Proposed faculty cuts at Paul G. Blazer High School attracted a sizable group of concerned parents and teachers to the Ashland Board of Education’s regular meeting Monday evening.
Under its proposed staffing allocations for the 2013-14 academic year, the high school would lose a total of six teaching positions. School officials say the cuts are necessary to bring the school’s budget in line with what the district is expected to receive in state funding.
But Blazer Principal Derek Runyon told the board he was concerned that eliminating so many teachers could compromise the school’s academic programs.

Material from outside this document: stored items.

(* Let $\Phi$ be a Leonard system in $\mathcal A$ with eigenvalue sequence $\theta_0,\dots,\theta_d$ and dual eigenvalue sequence $\theta^*_0,\dots,\theta^*_d$, let $u_0,\dots,u_d$ be its polynomials as defined below, and let $u^*_0,\dots,u^*_d$ be the corresponding polynomials for $\Phi^*$. Then $$u_i(\theta_j)=u^*_j(\theta^*_i)\qquad(0\le i,j\le d).$$
   Context: Let $\mathbb K$ be a field, $d\ge 0$ an integer, and $\mathcal A$ a $\mathbb K$-algebra isomorphic to $\mathrm{Mat}_{d+1}(\mathbb K)$, with identity $I$ and trace $\mathrm{tr}$. An element $A\in\mathcal A$ is multiplicity-free if it has $d+1$ mutually distinct eigenvalues in $\mathbb K$; if $\theta_0,\dots,\theta_d$ is an ordering of them, the primitive idempotent of $A$ associated with $\theta_i$ is $E_i=\prod_{j\ne i}(A-\theta_jI)/(\theta_i-\theta_j)$. A Leonard system in $\mathcal A$ is a sequence $\Phi=(A;A^*;\{E_i\}_{i=0}^d;\{E^*_i\}_{i=0}^d)$ such that: (i) $A,A^*$ are multiplicity-free; (ii) $E_0,\dots,E_d$ is an ordering of the primitive idempotents of $A$; (iii) $E^*_0,\dots,E^*_d$ is an ordering of those of $A^*$; (iv) $E_iA^*E_j=0$ if $|i-j|>1$ and $\ne0$ if $|i-j|=1$ $(0\le i,j\le d)$; (v) $E^*_iAE^*_j=0$ if $|i-j|>1$ and $\neq0$ if $|i-j|=1$ $(0\le i,j\le d)$. $\theta_i$ (resp. $\theta^*_i$) is the eigenvalue of $A$ (resp. $A^*$) associated with $E_i$ (resp. $E^*_i$). The dual Leonard system is $\Phi^*=(A^*;A;\{E^*_i\}_{i=0}^d;\{E_i\}_{i=0}^d)$. Define $a_i=\mathrm{tr}(E^*_iA)$ $(0\le i\le d)$, $x_i=\mathrm{tr}(E^*_iAE^*_{i-1}A)$ $(1\le i\le d)$, $x_0=0$, and polynomials $p_0,\dots,p_{d+1}$ by $p_0=1$, $p_{-1}=0$, $\lambda p_i=p_{i+1}+a_ip_i+x_ip_{i-1}$ $(0\le i\le d)$. One has $p_i(\theta_0)\ne0$ for $0\le i\le d$, and $u_i:=p_i/p_i(\theta_0)$ $(0\le i\le d)$. *)

theory Defs
  imports "Jordan_Normal_Form.Char_Poly" "HOL-Computational_Algebra.Polynomial"
begin

text \<open>The algebra is taken to be the full matrix algebra of (d+1) x (d+1) matrices over K.\<close>

definition mtrace :: "'a::comm_ring_1 mat \<Rightarrow> 'a" where
  "mtrace M = (\<Sum>i<dim_row M. M $$ (i, i))"

fun mat_list_prod :: "nat \<Rightarrow> 'a::comm_ring_1 mat list \<Rightarrow> 'a mat" where
  "mat_list_prod n [] = 1\<^sub>m n"
| "mat_list_prod n (M # Ms) = M * mat_list_prod n Ms"

definition prim_idem :: "nat \<Rightarrow> 'a::field mat \<Rightarrow> (nat \<Rightarrow> 'a) \<Rightarrow> nat \<Rightarrow> 'a mat" where
  "prim_idem d A th i =
     mat_list_prod (Suc d)
       (map (\<lambda>j. (1 / (th i - th j)) \<cdot>\<^sub>m (A - th j \<cdot>\<^sub>m 1\<^sub>m (Suc d)))
            (filter (\<lambda>j. j \<noteq> i) [0..<Suc d]))"

definition mult_free :: "nat \<Rightarrow> 'a::field mat \<Rightarrow> bool" where
  "mult_free d A \<longleftrightarrow> A \<in> carrier_mat (Suc d) (Suc d) \<and>
     (\<exists>th. inj_on th {..d} \<and> (\<forall>i\<le>d. eigenvalue A (th i)))"

definition idem_ordering :: "nat \<Rightarrow> 'a::field mat \<Rightarrow> (nat \<Rightarrow> 'a) \<Rightarrow> (nat \<Rightarrow> 'a mat) \<Rightarrow> bool" where
  "idem_ordering d A th E \<longleftrightarrow> inj_on th {..d} \<and> (\<forall>i\<le>d. eigenvalue A (th i)) \<and>
     (\<forall>i\<le>d. E i = prim_idem d A th i)"

definition tridiag_cond :: "nat \<Rightarrow> (nat \<Rightarrow> 'a::field mat) \<Rightarrow> 'a mat \<Rightarrow> bool" where
  "tridiag_cond d E B \<longleftrightarrow> (\<forall>i\<le>d. \<forall>j\<le>d.
      (Suc i < j \<or> Suc j < i \<longrightarrow> E i * B * E j = 0\<^sub>m (Suc d) (Suc d)) \<and>
      (Suc i = j \<or> Suc j = i \<longrightarrow> E i * B * E j \<noteq> 0\<^sub>m (Suc d) (Suc d)))"

definition leonard_system :: "nat \<Rightarrow> 'a::field mat \<Rightarrow> 'a mat \<Rightarrow> (nat \<Rightarrow> 'a mat) \<Rightarrow> (nat \<Rightarrow> 'a mat) \<Rightarrow> bool" where
  "leonard_system d A As E Es \<longleftrightarrow>
     mult_free d A \<and> mult_free d As \<and>
     (\<exists>th. idem_ordering d A th E) \<and> (\<exists>ths. idem_ordering d As ths Es) \<and>
     tridiag_cond d E As \<and> tridiag_cond d Es A"

definition ls_a :: "'a::field mat \<Rightarrow> (nat \<Rightarrow> 'a mat) \<Rightarrow> nat \<Rightarrow> 'a" where
  "ls_a A Es i = mtrace (Es i * A)"

definition ls_x :: "'a::field mat \<Rightarrow> (nat \<Rightarrow> 'a mat) \<Rightarrow> nat \<Rightarrow> 'a" where
  "ls_x A Es i = (if i = 0 then 0 else mtrace (Es i * A * Es (i - 1) * A))"

text \<open>p_0 = 1, p_{-1} = 0, lambda p_i = p_{i+1} + a_i p_i + x_i p_{i-1}.\<close>
fun lpoly :: "(nat \<Rightarrow> 'a::field) \<Rightarrow> (nat \<Rightarrow> 'a) \<Rightarrow> nat \<Rightarrow> 'a poly" where
  "lpoly a x 0 = 1"
| "lpoly a x (Suc 0) = [:- a 0, 1:]"
| "lpoly a x (Suc (Suc i)) =
     [:- a (Suc i), 1:] * lpoly a x (Suc i) - Polynomial.smult (x (Suc i)) (lpoly a x i)"

definition ls_p :: "'a::field mat \<Rightarrow> (nat \<Rightarrow> 'a mat) \<Rightarrow> nat \<Rightarrow> 'a poly" where
  "ls_p A Es i = lpoly (ls_a A Es) (ls_x A Es) i"

definition ls_u :: "'a::field mat \<Rightarrow> (nat \<Rightarrow> 'a mat) \<Rightarrow> (nat \<Rightarrow> 'a) \<Rightarrow> nat \<Rightarrow> 'a \<Rightarrow> 'a" where
  "ls_u A Es th i t = poly (ls_p A Es i) t / poly (ls_p A Es i) (th 0)"

end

“Simply put, there’s no way, shape or form in which we can do this without hurting students,” he said. “My concern is that anything we do is going to impact student achievement in some form or fashion.”
Runyon said the proposed cuts, along with others that have previously been made, would amount to a nearly 20 percent staff reduction in the six years he has been Blazer principal.
He told the board he and the school’s site-based council had come up with a list of teaching positions that could be eliminated with the least amount of impact, and that he’d spoken with the teachers on the list to let them know their jobs might not be available next year.
Dwindling enrollment is the principle reason the cuts are necessary. According to Superintendent Steve Gilmore, Blazer currently has 858 students, but its faculty budget is for a school with more than 1,000 pupils. State funding is based on a school’s average daily attendance.
But Runyon said deep cuts in the high school’s faculty could cause enrollment to drop even more. If the school has to eliminate certain courses because it doesn’t have the teachers for them, some students might choose to transfer to other schools that offer similar courses, he said.
Board Member Charlie Chatfield questioned Runyon over why he hadn’t consulted with central office staff in determining which positions to eliminate and how to go about lessening the impact of the cuts.
“Seeing as how you’ve presented this almost as a death penalty with regard to continuing the high standards at Paul Blazer High School, why would you not reach out to everyone available to determine what would be the best course of action?” he asked.
Runyon said he hadn’t done so because he believed those determinations would best be made by people in the school building. But, he said he was certainly open to consulting with central office personnel in the coming months.
Gilmore said he believed that might be the best way to find “creative solutions” to the matter.
“It may not be the best scenario for next year, but it might be a workable one,” he said.
Board member Frank DeMartino said the school system was likely to have to find other “creative solutions” to staffing issues in the future because the district’s enrollment was likely to continue to shrink.
“Let’s be blunt — this (enrollment) is going to keep going this way. It’s not going to get any better,” he said.